A Long Tradition
The study of German language and literature has been part of the university’s curriculum from its beginnings in 1869. Initially, German was one of four Western European languages taught by just one professor, Paul Pioda. In 1874, Albin Putzker became the first official professor of German language, and ten years later, with two faculty members, a distinct German Department was established. Because of the department’s small size, it offered limited courses and lacked a cohesive graduate program during its first twenty years. During this time, however, German was required for many science majors, and about one third of the student population studied the language.
The turn of the century was a time for growth in German studies. By 1907, Berkeley’s German Department boasted eight full-time faculty members, student enrollment increased, and undergraduate and graduate course options expanded. In 1908, the first dissertation was written on “Der junge Goethe und das Publikum”; dissertations on topics in Germanic Linguistics and Medieval Studies followed, and in 1923, Isabel MacInnes received a PhD with a dissertation titled “The Influence of Feminism on the German Women Novelists.”

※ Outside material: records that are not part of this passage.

(* For every odd $q\geq 3$, the generalized Farey map $F_q\colon[0,1]\to[0,1]$ is topologically mixing: for all nonempty open sets $B_1,B_2\subseteq[0,1]$ there is $N\in\mathbb{N}$ such that $F_q^{n}(B_1)\cap B_2\neq\emptyset$ for all $n\geq N$.
   Context: Let $q\geq 3$ be odd and $\lambda=2\cos(\pi/q)$. Elements of $\mathrm{PGL}_2(\mathbb{R})$ act on $\mathbb{R}\cup\{\infty\}$ by $\begin{bmatrix}a&b\\c&d\end{bmatrix}.x=(ax+b)/(cx+d)$. Put $s(x)=\sin(x\pi/q)/\sin(\pi/q)$, $g_k=\begin{bmatrix}s(k)&-s(k+1)\\-s(k-1)&s(k)\end{bmatrix}$, $Q=\begin{bmatrix}0&1\\1&0\end{bmatrix}$, $K=\{(q+1)/2,\dots,q-1\}$. The generalized Farey map $F_q\colon[0,1]\to[0,1]$ is defined, for $k\in K$, by $F_q(x)=g_k.x$ for $x\in[g_k^{-1}.0,g_k^{-1}.1]$ and $F_q(x)=Qg_k.x$ for $x\in[(Qg_k)^{-1}.1,(Qg_k)^{-1}.0]$ (these intervals cover $[0,1]$, overlap only at endpoints, and the definitions agree there). *)

theory Defs
  imports "HOL-Analysis.Analysis"
begin

text \<open>Elements of PGL_2(R) represented by real 2x2 matrices (a,b,c,d) = [a b; c d].\<close>
type_synonym mat2 = "real \<times> real \<times> real \<times> real"

definition mact :: "mat2 \<Rightarrow> real \<Rightarrow> real" where
  "mact M x = (case M of (a,b,c,d) \<Rightarrow> (a * x + b) / (c * x + d))"

definition mmul :: "mat2 \<Rightarrow> mat2 \<Rightarrow> mat2" where
  "mmul M N = (case M of (a,b,c,d) \<Rightarrow> case N of (e,f,g,h) \<Rightarrow>
     (a*e + b*g, a*f + b*h, c*e + d*g, c*f + d*h))"

text \<open>Inverse in PGL_2: the adjugate (a scalar multiple of the inverse matrix).\<close>
definition minv :: "mat2 \<Rightarrow> mat2" where
  "minv M = (case M of (a,b,c,d) \<Rightarrow> (d, -b, -c, a))"

definition sq :: "nat \<Rightarrow> real \<Rightarrow> real" where
  "sq q x = sin (x * pi / real q) / sin (pi / real q)"

definition gk :: "nat \<Rightarrow> nat \<Rightarrow> mat2" where
  "gk q k = (sq q (real k), - sq q (real k + 1), - sq q (real k - 1), sq q (real k))"

definition Qm :: mat2 where "Qm = (0, 1, 1, 0)"

definition Kset :: "nat \<Rightarrow> nat set" where
  "Kset q = {(q + 1) div 2 .. q - 1}"

text \<open>The generalized Farey map on [0,1]. On overlapping endpoints the branches agree
  (as stated in the paper); we pick any applicable branch.\<close>
definition farey :: "nat \<Rightarrow> real \<Rightarrow> real" where
  "farey q x = (SOME y. \<exists>k\<in>Kset q.
      (x \<in> {mact (minv (gk q k)) 0 .. mact (minv (gk q k)) 1} \<and> y = mact (gk q k) x) \<or>
      (x \<in> {mact (minv (mmul Qm (gk q k))) 1 .. mact (minv (mmul Qm (gk q k))) 0}
         \<and> y = mact (mmul Qm (gk q k)) x))"

end

theory Submission
  imports Defs
begin

text \<open>Each branch of F_q is a fractional linear map of determinant one from a subinterval
  of [0,1] onto [0,1], so F y - F x = \<plusminus>(y - x) / (d x * d y) with a denominator 0 < d \<le> 1.
  Hence F_q never shrinks intervals, and it stretches them by a definite factor away from 0 and
  1, where d stays below some \<theta> < 1. The image of an interval J therefore grows by a fixed
  amount at every step as long as it lies inside one branch. Once it contains a branch end in
  its interior, a piece of it is mapped onto an interval ending at 0 or 1; the branch at 1 sends
  1 to 0, and 0 is a parabolic fixed point with F x \<ge> x + x^2, so such an interval grows
  until it contains the whole branch at 0 and is mapped onto [0,1]. As F_q maps [0,1] onto
  itself, all later iterates of J cover [0,1], which gives mixing.\<close>

section \<open>Expanding maps with full branches and a parabolic fixed point\<close>

lemma abs_diff_add_if_monotone:
  fixes f :: "real \<Rightarrow> real"
  assumes "mono_on S f \<or> antimono_on S f" and "x \<in> S" "u \<in> S" "y \<in> S" "x \<le> u" "u \<le> y"
  shows "\<bar>f y - f x\<bar> = \<bar>f y - f u\<bar> + \<bar>f u - f x\<bar>"
  using assms by (auto simp: monotone_on_def)

locale full_branch_map =
  fixes F :: "real \<Rightarrow> real" and branches :: "'b set" and lo hi :: "'b \<Rightarrow> real"
  assumes branch_interval: "b \<in> branches \<Longrightarrow> 0 \<le> lo b \<and> lo b < hi b \<and> hi b \<le> 1"
    and branches_cover: "x \<in> {0..1} \<Longrightarrow> \<exists>b\<in>branches. x \<in> {lo b..hi b}"
    and branch_continuous: "b \<in> branches \<Longrightarrow> continuous_on {lo b..hi b} F"
    and branch_monotone: "b \<in> branches \<Longrightarrow> mono_on {lo b..hi b} F \<or> antimono_on {lo b..hi b} F"
    and branch_full: "b \<in> branches \<Longrightarrow> {F (lo b), F (hi b)} = {0, 1}"
    and branch_expanding:
      "b \<in> branches \<Longrightarrow> lo b \<le> x \<Longrightarrow> x \<le> y \<Longrightarrow> y \<le> hi b \<Longrightarrow> y - x \<le> \<bar>F y - F x\<bar>"
    and uniformly_expanding_inside: "0 < \<delta> \<Longrightarrow> \<delta> < 1/2 \<Longrightarrow> \<exists>c>0. \<forall>b\<in>branches. \<forall>x y.
      lo b \<le> x \<and> \<delta> \<le> x \<and> x \<le> y \<and> y \<le> hi b \<and> y \<le> 1 - \<delta> \<longrightarrow> (1 + c) * (y - x) \<le> \<bar>F y - F x\<bar>"
    and parabolic_at_0: "\<exists>b\<in>branches. lo b = 0 \<and> F 0 = 0 \<and> (\<forall>x\<in>{0..hi b}. x + x\<^sup>2 \<le> F x)"
    and branch_at_1: "\<exists>b\<in>branches. hi b = 1 \<and> F 1 = 0"
begin

definition iterate_covers_unit :: "real set \<Rightarrow> bool" where
  "iterate_covers_unit A \<longleftrightarrow> (\<exists>m. {0..1} \<subseteq> (F ^^ m) ` A)"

During and after World War I, student enrollment dropped sharply and the department was criticized for the alleged pro-German sentiments of some of its faculty. Yet in the late 1920s and 1930s, there was a steady increase in student numbers, reaching a total of about 1,600 students on the eve of World War II. Despite the decline during the war years, in 1946, no fewer than 2,172 students enrolled in German courses.
After World War II, the German Department continued to expand and soon became the largest in the United States. By the mid-1960s, there were twenty-three full-time staff members and up to seventy teaching assistants. This faculty provided a liberal arts education to thousands of students, including about a hundred undergraduate majors, as well as professional training as scholars and teachers to some eighty or ninety graduate students.
Thinking across Cultures
We are mindful of our position as a foreign language and culture department within the increasingly diverse student population of our campus where currently over 75 foreign languages are spoken and taught. What is more, German culture itself has become increasingly diversified over the past sixty years as a result of migration, European integration, and globalization.

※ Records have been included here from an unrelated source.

lemma sum_vecs_chi_weight:
  fixes x y :: real
  shows "(\<Sum>v\<in>vecs (length c). chi v c * (x ^ (length c - hweight v) * y ^ hweight v))
       = (x + y) ^ (length c - hweight c) * (x - y) ^ hweight c"
proof (induction c)
  case Nil
  show ?case by (simp add: vecs_def chi_def)
next
  case (Cons b c)
  let ?S = "\<Sum>v\<in>vecs (length c). chi v c * (x ^ (length c - hweight v) * y ^ hweight v)"
  have diff: "Suc (length c) - hweight v = Suc (length c - hweight v)" if "v \<in> vecs (length c)" for v
    using that hweight_le_length[of v] by (simp add: vecs_def)
  have "(\<Sum>v\<in>vecs (length (b # c)). chi v (b # c) *
          (x ^ (length (b # c) - hweight v) * y ^ hweight v))
      = (if b then - y else y) * ?S + x * ?S"
    by (simp add: sum_vecs_Suc sum_distrib_left diff chi_def mult_ac)
  also have "\<dots> = (x + y) ^ (length (b # c) - hweight (b # c)) * (x - y) ^ hweight (b # c)"
    unfolding Cons.IH using hweight_le_length[of c]
    by (cases b) (simp_all add: Suc_diff_le algebra_simps)
  finally show ?case .
qed

theorem macwilliams_identity:
  fixes x y :: real
  assumes C: "linear_code n C"
  shows "real (card C) * weight_enum n (dual_code n C) x y = weight_enum n C (x + y) (x - y)"
proof -
  have len: "length c = n" if "c \<in> C" for c
    using that linear_code_subset_vecs[OF C] by (auto simp: vecs_def)
  define T where "T v = x ^ (n - hweight v) * y ^ hweight v" for v
  have "real (card C) * weight_enum n (dual_code n C) x y
      = (\<Sum>v\<in>vecs n. if v \<in> dual_code n C then real (card C) * T v else 0)"
    by (simp add: weight_enum_def T_def sum_distrib_left sum.If_cases finite_vecs Int_absorb1)
       (auto simp: dual_code_def intro!: sum.cong)
  also have "\<dots> = (\<Sum>v\<in>vecs n. (\<Sum>c\<in>C. chi v c) * T v)"
    by (intro sum.cong refl) (simp add: sum_chi_linear_code[OF C])
  also have "\<dots> = (\<Sum>c\<in>C. \<Sum>v\<in>vecs n. chi v c * T v)"
    by (simp add: sum_distrib_right sum.swap[of _ C])
  also have "\<dots> = (\<Sum>c\<in>C. (x + y) ^ (n - hweight c) * (x - y) ^ hweight c)"
  proof (rule sum.cong[OF refl])
    fix c assume "c \<in> C"
    then show "(\<Sum>v\<in>vecs n. chi v c * T v) = (x + y) ^ (n - hweight c) * (x - y) ^ hweight c"
      using sum_vecs_chi_weight[of c x y] len by (simp add: T_def)
  qed
  finally show ?thesis by (simp add: weight_enum_def)
qed

lemma weight_enum_weight_count:
  fixes x y :: real
  assumes "D \<subseteq> vecs n"
  shows "weight_enum n D x y = (\<Sum>w\<le>n. real (weight_count D w) * (x ^ (n - w) * y ^ w))"
proof -
  have fin: "finite D"
    using assms finite_vecs finite_subset by blast
  have le: "hweight c \<le> n" if "c \<in> D" for c
    using that assms hweight_le_length[of c] by (auto simp: vecs_def)
  have "weight_enum n D x y
      = (\<Sum>w\<le>n. \<Sum>c\<in>{c \<in> D. hweight c = w}. x ^ (n - hweight c) * y ^ hweight c)"
    unfolding weight_enum_def by (rule sum.group[symmetric]) (use fin le in auto)
  also have "\<dots> = (\<Sum>w\<le>n. \<Sum>c\<in>{c \<in> D. hweight c = w}. x ^ (n - w) * y ^ w)"
    by (intro sum.cong) auto
  also have "\<dots> = (\<Sum>w\<le>n. real (weight_count D w) * (x ^ (n - w) * y ^ w))"
    by (simp add: weight_count_def)
  finally show ?thesis .
qed

lemma weight_enum_dual_eq:
  fixes x y :: real
  assumes "linear_code n C" and "formally_self_dual n C"
  shows "weight_enum n (dual_code n C) x y = weight_enum n C x y"
proof -
  have "dual_code n C \<subseteq> vecs n"
    by (auto simp: dual_code_def)
  with assms show ?thesis
    by (simp add: weight_enum_weight_count linear_code_subset_vecs formally_self_dual_def)
qed

lemma macwilliams_formally_self_dual:
  fixes x y :: real
  assumes "linear_code n C" and "formally_self_dual n C"
  shows "real (card C) * weight_enum n C x y = weight_enum n C (x + y) (x - y)"
  using macwilliams_identity[OF assms(1)] weight_enum_dual_eq[OF assms] by simp

lemma weight_enum_homogeneous:
  fixes c x y :: real
  assumes "C \<subseteq> vecs n"
  shows "weight_enum n C (c * x) (c * y) = c ^ n * weight_enum n C x y"
  unfolding weight_enum_def sum_distrib_left
proof (rule sum.cong[OF refl])
  fix v assume "v \<in> C"
  then have "hweight v \<le> n"
    using assms hweight_le_length[of v] by (auto simp: vecs_def)
  then show "(c * x) ^ (n - hweight v) * (c * y) ^ hweight v
      = c ^ n * (x ^ (n - hweight v) * y ^ hweight v)"
    by (simp add: power_mult_distrib mult_ac flip: power_add)
qed

lemma weight_enum_uminus_right:
  fixes x y :: real
  assumes "even_code C"
  shows "weight_enum n C x (- y) = weight_enum n C x y"
  using assms by (simp add: weight_enum_def even_code_def)

lemma weight_enum_commute:
  fixes x y :: real
  assumes C: "linear_code n C" and "even_code C" and fsd: "formally_self_dual n C"
  shows "weight_enum n C y x = weight_enum n C x y"
proof -
  have "zero_vec n \<in> C"
    using C by (simp add: linear_code_def)
  then have "card C \<noteq> 0"
    using finite_linear_code[OF C] by auto
  moreover have "real (card C) * weight_enum n C y x = real (card C) * weight_enum n C x y"
    using macwilliams_formally_self_dual[OF C fsd, of y x]
      macwilliams_formally_self_dual[OF C fsd, of x y]
      weight_enum_uminus_right[OF \<open>even_code C\<close>, of n "x + y" "x - y"]
    by (simp add: add.commute)
  ultimately show ?thesis by simp
qed

lemma weight_enum_sqrt_circle:
  fixes t :: real
  assumes C: "linear_code n C" and fsd: "formally_self_dual n C"
    and "even n" and card: "card C = 2 ^ (n div 2)"
    and t: "0 \<le> t" "t \<le> 1"
  defines "s \<equiv> sqrt (1 - t\<^sup>2)"
  shows "weight_enum n C (sqrt (1 + t)) (sqrt (1 - t))
       = weight_enum n C (sqrt (1 + s)) (sqrt (1 - s))"
proof -
  define x y where "x = sqrt (1 + t)" and "y = sqrt (1 - t)"
  have xy: "x * y = s" "x\<^sup>2 = 1 + t" "y\<^sup>2 = 1 - t"
    using t by (simp_all add: x_def y_def s_def power2_eq_square algebra_simps flip: real_sqrt_mult)
  \<comment> \<open>The MacWilliams transform maps the point for t to the point for s, up to the factor sqrt 2.\<close>
  have "(x + y)\<^sup>2 = 2 * (1 + s)" "(x - y)\<^sup>2 = 2 * (1 - s)"
    using xy by (simp_all add: power2_sum power2_diff)
  moreover have "0 \<le> x + y" "0 \<le> x - y"
    using t by (simp_all add: x_def y_def)
  ultimately have sum_diff: "x + y = sqrt 2 * sqrt (1 + s)" "x - y = sqrt 2 * sqrt (1 - s)"
    by (metis real_sqrt_unique real_sqrt_mult)+
  have "sqrt 2 ^ n = (2::real) ^ (n div 2)"
    using \<open>even n\<close> by (metis dvd_mult_div_cancel power_mult real_sqrt_pow2 zero_le_numeral)
  then have "2 ^ (n div 2) * weight_enum n C x y
      = 2 ^ (n div 2) * weight_enum n C (sqrt (1 + s)) (sqrt (1 - s))"
    using macwilliams_formally_self_dual[OF C fsd, of x y] card
      weight_enum_homogeneous[OF linear_code_subset_vecs[OF C]]
    by (simp add: sum_diff)
  then show ?thesis by (simp add: x_def y_def)
qed

lemma pcompose_square_decomp:
  fixes p :: "'a::comm_semiring_1 poly"
  shows "\<exists>e d. p = e \<circ>\<^sub>p [:0, 0, 1:] + [:0, 1:] * (d \<circ>\<^sub>p [:0, 0, 1:])"
proof (induction p)
  case 0
  show ?case by (rule exI[of _ 0], rule exI[of _ 0]) simp
next
  case (pCons a p)
  then obtain e d where p: "p = e \<circ>\<^sub>p [:0, 0, 1:] + [:0, 1:] * (d \<circ>\<^sub>p [:0, 0, 1:])"
    by blast
  have "pCons a p = pCons a d \<circ>\<^sub>p [:0, 0, 1:] + [:0, 1:] * (e \<circ>\<^sub>p [:0, 0, 1:])"
    by (simp add: p pcompose_pCons poly_eq_iff coeff_pCons add.commute split: nat.split)
  then show ?case by blast
qed

lemma even_poly_eq_pcompose_square:
  fixes p :: "'a::{idom, ring_char_0} poly"
  assumes "p \<circ>\<^sub>p [:0, -1:] = p"
  shows "\<exists>q. p = q \<circ>\<^sub>p [:0, 0, 1:]"
proof -
  obtain e d where p: "p = e \<circ>\<^sub>p [:0, 0, 1:] + [:0, 1:] * (d \<circ>\<^sub>p [:0, 0, 1:])"
    using pcompose_square_decomp by blast
  have "[:0, 0, 1:] \<circ>\<^sub>p [:0, -1:] = ([:0, 0, 1:] :: 'a poly)"
    by (simp add: pcompose_pCons)
  then have "p \<circ>\<^sub>p [:0, -1:] = e \<circ>\<^sub>p [:0, 0, 1:] - [:0, 1:] * (d \<circ>\<^sub>p [:0, 0, 1:])"
    by (simp add: p pcompose_add pcompose_mult pcompose_pCons flip: pcompose_assoc)
  with assms p have "smult 2 ([:0, 1:] * (d \<circ>\<^sub>p [:0, 0, 1:])) = 0"
    by (simp add: algebra_simps numeral_mult_conv_smult flip: mult_2)
  then have "d = 0"
    using pcompose_eq_0 by force
  with p show ?thesis by auto
qed

lemma reflection_symmetric_poly_eq_pcompose:
  fixes q :: "'a::field_char_0 poly"
  assumes "q \<circ>\<^sub>p [:1, -1:] = q"
  shows "\<exists>r. q = r \<circ>\<^sub>p [:1, -1, 1:]"
proof -
  define s where "s = q \<circ>\<^sub>p [:1/2, 1:]"
  have "s \<circ>\<^sub>p [:0, -1:] = (q \<circ>\<^sub>p [:1, -1:]) \<circ>\<^sub>p [:1/2, 1:]"
    by (simp add: s_def pcompose_pCons flip: pcompose_assoc)
  then obtain u where u: "s = u \<circ>\<^sub>p [:0, 0, 1:]"
    using even_poly_eq_pcompose_square assms s_def by metis
  have "q = s \<circ>\<^sub>p [:-1/2, 1:]"
    by (simp add: s_def pcompose_pCons flip: pcompose_assoc)
  also have "\<dots> = u \<circ>\<^sub>p ([:0, 0, 1:] \<circ>\<^sub>p [:-1/2, 1:])"
    by (simp add: u pcompose_assoc)
  also have "\<dots> = (u \<circ>\<^sub>p [:-3/4, 1:]) \<circ>\<^sub>p [:1, -1, 1:]"
    by (simp add: pcompose_pCons flip: pcompose_assoc)
  finally show ?thesis by blast
qed

lemma poly_eq_sum_atMost:
  fixes x :: "'a::{comm_semiring_0, semiring_1}"
  assumes "degree p \<le> d"
  shows "poly p x = (\<Sum>i\<le>d. coeff p i * x ^ i)"
proof -
  have "poly p x = (\<Sum>i\<le>degree p. coeff p i * x ^ i)"
    by (rule poly_altdef)
  also have "\<dots> = (\<Sum>i\<le>d. coeff p i * x ^ i)"
    using assms by (intro sum.mono_neutral_left) (auto simp: coeff_eq_0)
  finally show ?thesis .
qed

abbreviation of_rat_poly :: "rat poly \<Rightarrow> 'a::field_char_0 poly" where
  "of_rat_poly \<equiv> map_poly of_rat"

lemma of_rat_poly_add: "of_rat_poly (p + q) = of_rat_poly p + of_rat_poly q"
  by (rule poly_eqI) (simp add: coeff_map_poly of_rat_add)

lemma of_rat_poly_mult: "of_rat_poly (p * q) = of_rat_poly p * of_rat_poly q"
  by (induction p) (simp_all add: map_poly_pCons map_poly_smult of_rat_poly_add of_rat_mult)

lemma of_rat_poly_power: "of_rat_poly (p ^ k) = of_rat_poly p ^ k"
  by (induction k) (simp_all add: of_rat_poly_mult)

Critically aware of this unprecedented diversification of German culture, as well as our positions both within and outside it, we attempt in our teaching, research, and advising to tap the creative energies that arise from cultural differences not only between the US and the German-speaking nations of Europe, but also among the multi-ethnic cultural communities that our students represent. In this way, the Department of German is committed to promoting thinking across cultures. We expect our students to gain a heightened sensitivity to language and its uses for the representation of difference, to questions of translation and cultural transfer, to self-reflexive theory and methodology, and the power as well as the critical potential of thinking, speaking, and writing.
Redrawing the Boundaries
A traditionally dynamic site for intellectual pursuit, the department has made important contributions to redrawing the boundaries of German studies as a discipline, especially during the last five decades. In the mid-1980s, Professors Hinrich C. Seeba and Frederic Tubach initiated Berkeley’s Interdisciplinary Summer Seminars in German Studies on “National Identity,” sponsored by the DAAD and taught by Professor Anton Kaes for several years. These endeavors were seminal for the creation of three “Centers of Excellence” in the U.S., with Berkeley being the first, later renamed “Center for German and European Studies.” Our annual Berkeley Interdisciplinary German Studies Conference, organized by graduate students, grew out of these initiatives and, in 1993, began a tradition that is still continuing. During those years, the department became a laboratory for multidisciplinary research that incorporated questions of German thought and philosophy, film and media, social and political history, including discourses around gender and migration.
This cross-disciplinary lens opened literature to the broader cultural environment that nourishes it. While expanding the field, we have maintained the essential role of literature within German studies and regularly teach canonical works of German-language authors from 1200 to the present. Throughout our research, courses, and colloquia, we seek to mediate between the analysis of literature as historical product and the appreciation of literary language on its own terms; between close textual analysis and theory-driven inquiries; between high culture and popular media; and between scholarship and social engagement. Our dissertations show that we embrace diverse methodological and theoretical perspectives. What unites us is our commitment — in the open spirit of UC Berkeley — to continually explore new ways of thinking about the field and our position in it.